═══ Supplied data

lemma clique_pair_elimination_vertex:
  assumes "X \<inter> Y = {}" "is_clique E X" "is_clique E Y"
    and sym: "\<forall>x\<in>X \<union> Y. \<forall>y\<in>X \<union> Y. E x y \<longleftrightarrow> E y x"
    and dominant: "\<forall>X'\<subseteq>X. X' \<noteq> {} \<longrightarrow> (\<exists>v\<in>X'. \<forall>u\<in>X'. \<forall>y\<in>Y. E u y \<longrightarrow> E v y)"
    and "S \<subseteq> X \<union> Y" "S \<noteq> {}"
  shows "\<exists>v\<in>S. \<forall>u\<in>S - {v}. E v u \<longleftrightarrow> v \<in> X \<or> u \<notin> X"
proof (cases "\<exists>c\<in>S \<inter> Y. \<forall>b\<in>S \<inter> X. \<not> E c b")
  case True
  then obtain c where c: "c \<in> S \<inter> Y" "\<forall>b\<in>S \<inter> X. \<not> E c b"
    by blast
  have "E c u \<longleftrightarrow> u \<notin> X" if "u \<in> S - {c}" for u
  proof (cases "u \<in> X")
    case True
    then show ?thesis
      using that c(2) by auto
  next
    case False
    then have "u \<in> Y"
      using that assms(6) by auto
    then show ?thesis
      using False that c(1) assms(3) unfolding is_clique_def by auto
  qed
  moreover have "c \<notin> X"
    using c(1) assms(1) by blast
  ultimately show ?thesis
    using c(1) by (intro bexI[of _ c]) auto
next
  case False
  then have witness: "\<forall>c\<in>S \<inter> Y. \<exists>b\<in>S \<inter> X. E c b"
    by blast
  have "S \<inter> X \<noteq> {}"
  proof
    assume "S \<inter> X = {}"
    then obtain c where "c \<in> S \<inter> Y"
      using assms(6,7) by blast
    then show False
      using witness \<open>S \<inter> X = {}\<close> by blast
  qed
  then obtain v where v: "v \<in> S \<inter> X" and v_dominant: "\<forall>u\<in>S \<inter> X. \<forall>y\<in>Y. E u y \<longrightarrow> E v y"
    using dominant[rule_format, of "S \<inter> X"] by blast
  have "E v u" if "u \<in> S - {v}" for u
  proof (cases "u \<in> X")
    case True
    then show ?thesis
      using that v assms(2) unfolding is_clique_def by auto
  next
    case False
    then have "u \<in> S \<inter> Y"
      using that assms(6) by auto
    then obtain b where b: "b \<in> S \<inter> X" "E u b"
      using witness by auto
    then have "E b u"
      using sym[rule_format, of u b] \<open>u \<in> S \<inter> Y\<close> by blast
    then show ?thesis
      using v_dominant b(1) \<open>u \<in> S \<inter> Y\<close> by blast
  qed
  then show ?thesis
    using v by (intro bexI[of _ v]) auto
qed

══════

> **Exercise requirements**
Work out the number of lines in the records containing the word "forall". Write only that number.

> **Exercise output**
7